Home > Journals > St. John's Law Review > Vol. 86 > No. 1
Document Type
Note
Abstract
(Excerpt)
Since current anti-counterfeiting tools are not easily applied to the Internet, thereby diminishing their effectiveness, this Note argues that compensating for this deficiency requires legal provisions that encourage online service providers to implement both proactive and reactive anti-counterfeiting measures. After Tiffany, e-commerce businesses in the United States are only required to react appropriately to counterfeiting on their websites. Though it is well-settled that trademark owners must police their own brand, the Tiffany decision makes it extremely difficult and costly for owners to combat counterfeiting on their own. Furthermore, the Second Circuit’s application of a reactive law written specifically for secondary copyright infringement on the Internet does not effectively address the entire temporal range of harm posed by trademark infringement. Part I discusses the goals and policies underlying American trademark law and explains where counterfeiting fits in this framework. This Part also traces the development of the judicially-created doctrine of contributory trademark law and how it has been applied in counterfeiting cases.

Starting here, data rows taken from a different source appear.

theorem unique_global_min_K_fun_K_reg:
  fixes A :: "'a ^ 'n ^ 'm"
  assumes col: "col_inf_norm A \<le> 1" and mu: "0 < mu" and N: "1 \<le> N" and bt: "0 < beta A N"
    and st: "stationary (K_reg mu A b) x"
    and gap: "\<And>j. norm (grad_step A b x $ j) \<notin> {(beta A N)\<^sup>2 * sqrt mu .. sqrt mu / (beta A N)\<^sup>2}"
    and budget: "2 * mu * real (card_nz x) + (norm (A *v x - b))\<^sup>2 < mu * real N + mu"
  shows "unique_global_min (K_fun mu A b) x \<and> unique_global_min (K_reg mu A b) x"
proof -
  have bt1: "beta A N \<le> 1" using beta_le_one[OF col N] .
  have regime: "gap_regime mu (beta A N) (x $ j) (grad_step A b x $ j)" for j
    using q2_sq_subgradient_gap_regime[OF mu bt bt1 stationary_K_reg_coord_subgradient[OF mu col st] gap] .
  have "sqrt mu \<le> sqrt mu / (beta A N)\<^sup>2"
    using bt bt1 mu by (simp add: power_le_one le_divide_eq)
  then have "x $ j = 0 \<or> sqrt mu \<le> norm (x $ j)" for j
    using regime[of j] by (auto simp: gap_regime_def)
  then have K_reg_x: "K_reg mu A b x = K_fun mu A b x"
    using mu by (intro K_reg_eq_K_fun) auto
  have K_fun_less: "K_fun mu A b x < K_fun mu A b y" if "y \<noteq> x" for y
  proof (cases "card_nz (y - x) \<le> N")
    case True
    then have "K_reg mu A b x < K_reg mu A b y"
      by (rule K_reg_less_sparse_perturbation[OF mu bt bt1 regime that])
    then show ?thesis using K_reg_le_K_fun[of mu A b y] K_reg_x mu by simp
  next
    case False
    then show ?thesis using K_fun_less_dense_perturbation[OF mu budget] by simp
  qed
  have "K_fun mu A b x \<le> K_reg mu A b y \<and> (y \<noteq> x \<longrightarrow> K_fun mu A b x < K_reg mu A b y)" for y
  proof (rule K_reg_bound_by_eliminating_small_coords[OF mu col])
    fix y :: "'a ^ 'n"
    assume "small_coords mu y = {}"
    then have "K_reg mu A b y = K_fun mu A b y"
      using mu by (intro K_reg_eq_K_fun) (auto simp: small_coords_def not_less)
    then show "K_fun mu A b x \<le> K_reg mu A b y \<and> (y \<noteq> x \<longrightarrow> K_fun mu A b x < K_reg mu A b y)"
      using K_fun_less[of y] by (cases "y = x") auto
  qed
  then show ?thesis using K_fun_less K_reg_x by (auto simp: unique_global_min_def)
qed

end

interpretation real_scalars: scalar_conjugation "\<lambda>t::real. t"
  by unfold_locales (simp add: ac_simps)

interpretation complex_scalars: scalar_conjugation cnj
  by unfold_locales (simp add: inner_complex_def algebra_simps)

theorem theorem4p5:
  shows "(\<forall>(A :: real ^ 'n ^ 'm) (b :: real ^ 'm) (mu :: real) (N :: nat) (x' :: real ^ 'n).
            col_inf_norm A \<le> 1 \<and> mu > 0 \<and> N \<ge> 1 \<and> beta A N > 0 \<and>
            stationary (K_reg mu A b) x' \<and>
            (let z' = (x' - adjoint (\<lambda>t. t) A *v (A *v x')) + adjoint (\<lambda>t. t) A *v b in
               \<forall>i. norm (z' $ i) \<notin> {(beta A N)\<^sup>2 * sqrt mu .. sqrt mu / (beta A N)\<^sup>2}) \<and>
            2 * mu * real (card_nz x') + (norm (A *v x' - b))\<^sup>2 < mu * real N + mu
          \<longrightarrow> unique_global_min (K_fun mu A b) x' \<and> unique_global_min (K_reg mu A b) x')
       \<and>
         (\<forall>(A :: complex ^ 'n ^ 'm) (b :: complex ^ 'm) (mu :: real) (N :: nat) (x' :: complex ^ 'n).
            col_inf_norm A \<le> 1 \<and> mu > 0 \<and> N \<ge> 1 \<and> beta A N > 0 \<and>
            stationary (K_reg mu A b) x' \<and>
            (let z' = (x' - adjoint cnj A *v (A *v x')) + adjoint cnj A *v b in
               \<forall>i. norm (z' $ i) \<notin> {(beta A N)\<^sup>2 * sqrt mu .. sqrt mu / (beta A N)\<^sup>2}) \<and>
            2 * mu * real (card_nz x') + (norm (A *v x' - b))\<^sup>2 < mu * real N + mu
          \<longrightarrow> unique_global_min (K_fun mu A b) x' \<and> unique_global_min (K_reg mu A b) x')"
  by (rule conjI; intro allI impI; elim conjE;
      rule real_scalars.unique_global_min_K_fun_K_reg complex_scalars.unique_global_min_K_fun_K_reg;
      simp add: Let_def real_scalars.grad_step_eq complex_scalars.grad_step_eq)

end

Part II compares the American approach to contributory trademark infringement to that of European courts. Part III analyzes and assesses how each approach addresses the harms of contributory trademark infringement on the Internet. Part IV proposes a legislative solution similar to the safe-harbor provisions of the DMCA, but tailored to the specific goals, policies, and harms faced by trademark owners. While the Second Circuit properly decided that a notice-and-takedown procedure is one effective way to combat trademark infringement on the Internet, it is a reactive mechanism that does not effectively address harms to trademarks owners and consumers that accrue even before someone buys a counterfeit item. For this reason, a safe-harbor provision for trademark law should incentivize online marketplaces like eBay to take preventive action against trademark infringement.